>>

(* Let $\mathcal{A}$ be a unital associative algebra with unit $e$ and let $\mathcal{B}= \mathcal{D}(\mathcal{A})$. Then: (1) $\mathcal{B}$ is ordered, i.e. for every $n$, if $x_1,\dots,x_n\in\mathcal{B}$ satisfy $\sum_{i=1}^n x_i x_i^* =0$, then $x_1= \cdots=x_n=0$. (2) If $x_1,\dots,x_n\in\mathcal{B}$ satisfy $\sum_{j=1}^n x_j^* x_j = e$, then $x_j\in \mathbb{C} e$ for all $j$. (3) If $x\in \mathcal{A}$ (viewed in $\mathcal{B}$ via the canonical embedding) and $y\in \mathcal{B}$ satisfy $x^* x =y^*y$, then $x= \lambda y$ for some $\lambda\in \mathbb{C}$ with $|\lambda| = 1$.
   Context: All algebras are complex and unital. For a unital associative algebra $\mathcal{A}$, $\mathcal{A}^*$ is an associative algebra with an additive, conjugate-linear, anti-multiplicative bijection $\phi:\mathcal{A}\to\mathcal{A}^*$. The $*$-double $\mathcal{D}(\mathcal{A})$ is the unital free product $\mathcal{A}*\mathcal{A}^*$ of associative algebras with involution determined by $a^*=\phi(a)$ for $a\in\mathcal{A}$ and $b^*=\phi^{-1}(b)$ for $b\in\mathcal{A}^*$. *)

theory Defs
  imports Complex_Main
begin

class cplx_unital_alg = ring + monoid_mult +
  fixes cscale :: "complex \<Rightarrow> 'a \<Rightarrow> 'a"
  assumes cscale_add_right: "cscale c (x + y) = cscale c x + cscale c y"
    and cscale_add_left: "cscale (c + d) x = cscale c x + cscale d x"
    and cscale_cscale: "cscale c (cscale d x) = cscale (c * d) x"
    and cscale_one: "cscale 1 x = x"
    and cscale_mult_left: "cscale c x * y = cscale c (x * y)"
    and cscale_mult_right: "x * cscale c y = cscale c (x * y)"

text \<open>Generators: \<open>Inl a\<close> stands for \<open>a \<in> A\<close>, \<open>Inr a\<close> stands for \<open>\<phi>(a) \<in> A^*\<close>.
  We realise \<open>A^*\<close> as the conjugate-opposite copy of \<open>A\<close>, with \<open>\<phi>\<close> the identity on the
  underlying set (any \<open>(A^*,\<phi>)\<close> as in the paper is canonically isomorphic to it).
  Elements of the free (noncommutative) complex algebra on these generators are finitely
  supported coefficient functions on words.\<close>

type_synonym 'a fa = "('a + 'a) list \<Rightarrow> complex"

definition fa_carrier :: "'a fa set" where
  "fa_carrier = {f. finite {w. f w \<noteq> 0}}"

definition fa_word :: "('a + 'a) list \<Rightarrow> 'a fa" where
  "fa_word w = (\<lambda>v. if v = w then 1 else 0)"

definition fa_one :: "'a fa" where
  "fa_one = fa_word []"

definition fa_add :: "'a fa \<Rightarrow> 'a fa \<Rightarrow> 'a fa" where
  "fa_add f g = (\<lambda>w. f w + g w)"

definition fa_diff :: "'a fa \<Rightarrow> 'a fa \<Rightarrow> 'a fa" where
  "fa_diff f g = (\<lambda>w. f w - g w)"

definition fa_smult :: "complex \<Rightarrow> 'a fa \<Rightarrow> 'a fa" where
  "fa_smult c f = (\<lambda>w. c * f w)"

definition fa_mul :: "'a fa \<Rightarrow> 'a fa \<Rightarrow> 'a fa" where
  "fa_mul f g = (\<lambda>w. \<Sum>i\<le>length w. f (take i w) * g (drop i w))"

fun swap_gen :: "'a + 'a \<Rightarrow> 'a + 'a" where
  "swap_gen (Inl a) = Inr a"
| "swap_gen (Inr a) = Inl a"

definition fa_star :: "'a fa \<Rightarrow> 'a fa" where
  "fa_star f = (\<lambda>w. cnj (f (rev (map swap_gen w))))"

definition dbl_rels :: "'a::cplx_unital_alg fa set" where
  "dbl_rels =
     {fa_diff (fa_word [Inl (a + b)]) (fa_add (fa_word [Inl a]) (fa_word [Inl b])) | a b. True}
   \<union> {fa_diff (fa_word [Inl (cscale c a)]) (fa_smult c (fa_word [Inl a])) | c a. True}
   \<union> {fa_diff (fa_word [Inl a, Inl b]) (fa_word [Inl (a * b)]) | a b. True}
   \<union> {fa_diff (fa_word [Inl 1]) fa_one}
   \<union> {fa_diff (fa_word [Inr (a + b)]) (fa_add (fa_word [Inr a]) (fa_word [Inr b])) | a b. True}
   \<union> {fa_diff (fa_word [Inr (cscale c a)]) (fa_smult (cnj c) (fa_word [Inr a])) | c a. True}
   \<union> {fa_diff (fa_word [Inr a, Inr b]) (fa_word [Inr (b * a)]) | a b. True}
   \<union> {fa_diff (fa_word [Inr 1]) fa_one}"

text \<open>The two-sided ideal generated by the relations; \<open>D(A)\<close> is \<open>fa_carrier\<close> modulo it.\<close>
inductive_set dbl_ideal :: "'a::cplx_unital_alg fa set" where
  rel: "r \<in> dbl_rels \<Longrightarrow> r \<in> dbl_ideal"
| zero: "(\<lambda>_. 0) \<in> dbl_ideal"
| add: "f \<in> dbl_ideal \<Longrightarrow> g \<in> dbl_ideal \<Longrightarrow> fa_add f g \<in> dbl_ideal"
| smult: "f \<in> dbl_ideal \<Longrightarrow> fa_smult c f \<in> dbl_ideal"
| mult_left: "f \<in> dbl_ideal \<Longrightarrow> g \<in> fa_carrier \<Longrightarrow> fa_mul g f \<in> dbl_ideal"
| mult_right: "f \<in> dbl_ideal \<Longrightarrow> g \<in> fa_carrier \<Longrightarrow> fa_mul f g \<in> dbl_ideal"

definition dbl_eq :: "'a::cplx_unital_alg fa \<Rightarrow> 'a fa \<Rightarrow> bool" where
  "dbl_eq f g \<longleftrightarrow> fa_diff f g \<in> dbl_ideal"

definition dbl_emb :: "'a \<Rightarrow> 'a fa" where
  "dbl_emb a = fa_word [Inl a]"

end

theory Submission
  imports Defs
begin

text \<open>Choose a basis of \<open>A\<close> containing the unit \<open>e\<close>. The words in the remaining basis
  elements whose letters alternate between \<open>A\<close> and \<open>A\<^sup>*\<close> (the reduced words) form a basis
  of \<open>D(A)\<close>: normal forms are computed by letting the free algebra act on finitely supported
  coefficient functions on reduced words, an action that kills the defining relations.
  The involution preserves reduced words, and for reduced \<open>u\<close> the words \<open>u u\<^sup>*\<close> and \<open>u\<^sup>* u\<close>
  are reduced again. A product of normal forms supported in lengths \<open>\<le> m\<close> and \<open>\<le> n\<close> lives in
  lengths \<open>\<le> m + n\<close>, and its coefficients of length exactly \<open>m + n\<close> are those of the
  concatenation product. So if \<open>u\<close> is a longest word in the supports of \<open>x\<^sub>1, \<dots>, x\<^sub>n\<close>, the
  coefficient of \<open>u u\<^sup>*\<close> in \<open>\<Sum> x\<^sub>i x\<^sub>i\<^sup>*\<close> is \<open>\<Sum> |x\<^sub>i(u)|\<^sup>2\<close>; this gives (1), and (2) in the same
  way. For (3), \<open>x\<^sup>* x\<close> has length at most two, which forces \<open>y\<close> to be a combination of \<open>e\<close>
  and letters from \<open>A\<close>; then \<open>x\<^sup>* x = y\<^sup>* y\<close> says that the coefficient vectors of \<open>x\<close> and
  \<open>y\<close> have the same Gram matrix, so they differ by a unimodular scalar. If \<open>e = 0\<close> then
  \<open>D(A) = 0\<close> and there is nothing to prove.\<close>

definition fin_supp :: "('b \<Rightarrow> complex) \<Rightarrow> bool" where
  "fin_supp d \<longleftrightarrow> finite {w. d w \<noteq> 0}"

definition lin_ext :: "('b \<Rightarrow> 'c \<Rightarrow> complex) \<Rightarrow> ('b \<Rightarrow> complex) \<Rightarrow> 'c \<Rightarrow> complex" where
  "lin_ext F d = (\<lambda>w'. \<Sum>w | d w \<noteq> 0. d w * F w w')"

lemma lin_ext_eq_sum:
  "finite S \<Longrightarrow> {w. d w \<noteq> 0} \<subseteq> S \<Longrightarrow> lin_ext F d w' = (\<Sum>w\<in>S. d w * F w w')"
  unfolding lin_ext_def by (rule sum.mono_neutral_left) auto

lemma lin_ext_nonzeroD:
  assumes "lin_ext F d w' \<noteq> 0"
  shows "\<exists>w. d w \<noteq> 0 \<and> F w w' \<noteq> 0"
proof (rule ccontr)
  assume "\<nexists>w. d w \<noteq> 0 \<and> F w w' \<noteq> 0"
  then have "lin_ext F d w' = 0" unfolding lin_ext_def by (intro sum.neutral) auto
  with assms show False by simp
qed

lemma fin_supp_add: "fin_supp d1 \<Longrightarrow> fin_supp d2 \<Longrightarrow> fin_supp (\<lambda>w. d1 w + d2 w)"
  unfolding fin_supp_def by (rule finite_subset[of _ "{w. d1 w \<noteq> 0} \<union> {w. d2 w \<noteq> 0}"]) auto

lemma fin_supp_diff: "fin_supp d1 \<Longrightarrow> fin_supp d2 \<Longrightarrow> fin_supp (\<lambda>w. d1 w - d2 w)"
  unfolding fin_supp_def by (rule finite_subset[of _ "{w. d1 w \<noteq> 0} \<union> {w. d2 w \<noteq> 0}"]) auto

lemma fin_supp_smult: "fin_supp d \<Longrightarrow> fin_supp (\<lambda>w. c * d w)"
  unfolding fin_supp_def by (rule finite_subset[of _ "{w. d w \<noteq> 0}"]) auto

lemma fin_supp_zero: "fin_supp (\<lambda>w. 0)"
  unfolding fin_supp_def by simp

lemma fin_supp_sum:
  "finite I \<Longrightarrow> (\<And>i. i \<in> I \<Longrightarrow> fin_supp (d i)) \<Longrightarrow> fin_supp (\<lambda>w. \<Sum>i\<in>I. d i w)"
  by (induction I rule: finite_induct) (auto simp: fin_supp_zero intro!: fin_supp_add)

lemma fin_supp_delta: "fin_supp (\<lambda>w. if w = u then c else 0)"
  unfolding fin_supp_def by (rule finite_subset[of _ "{u}"]) auto

lemma lin_ext_add:
  assumes "fin_supp d1" "fin_supp d2"
  shows "lin_ext F (\<lambda>w. d1 w + d2 w) w' = lin_ext F d1 w' + lin_ext F d2 w'"
proof -
  let ?S = "{w. d1 w \<noteq> 0} \<union> {w. d2 w \<noteq> 0}"
  have S: "finite ?S" using assms unfolding fin_supp_def by auto
  have "lin_ext F (\<lambda>w. d1 w + d2 w) w' = (\<Sum>w\<in>?S. (d1 w + d2 w) * F w w')"
    by (rule lin_ext_eq_sum[OF S]) auto
  also have "\<dots> = (\<Sum>w\<in>?S. d1 w * F w w') + (\<Sum>w\<in>?S. d2 w * F w w')"
    by (simp add: sum.distrib distrib_right)
  also have "\<dots> = lin_ext F d1 w' + lin_ext F d2 w'"
    by (subst (1 2) lin_ext_eq_sum[OF S]) auto
  finally show ?thesis .
qed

<<

-- Activity --
Since only part of the listing is wanted, copy exactly the lines from the one holding "lengths \<open>\<le> m +" to the one holding "and letters from", both included.

-- Task result --
  lengths \<open>\<le> m + n\<close>, and its coefficients of length exactly \<open>m + n\<close> are those of the
  concatenation product. So if \<open>u\<close> is a longest word in the supports of \<open>x\<^sub>1, \<dots>, x\<^sub>n\<close>, the
  coefficient of \<open>u u\<^sup>*\<close> in \<open>\<Sum> x\<^sub>i x\<^sub>i\<^sup>*\<close> is \<open>\<Sum> |x\<^sub>i(u)|\<^sup>2\<close>; this gives (1), and (2) in the same
  way. For (3), \<open>x\<^sup>* x\<close> has length at most two, which forces \<open>y\<close> to be a combination of \<open>e\<close>
  and letters from \<open>A\<close>; then \<open>x\<^sup>* x = y\<^sup>* y\<close> says that the coefficient vectors of \<open>x\<close> and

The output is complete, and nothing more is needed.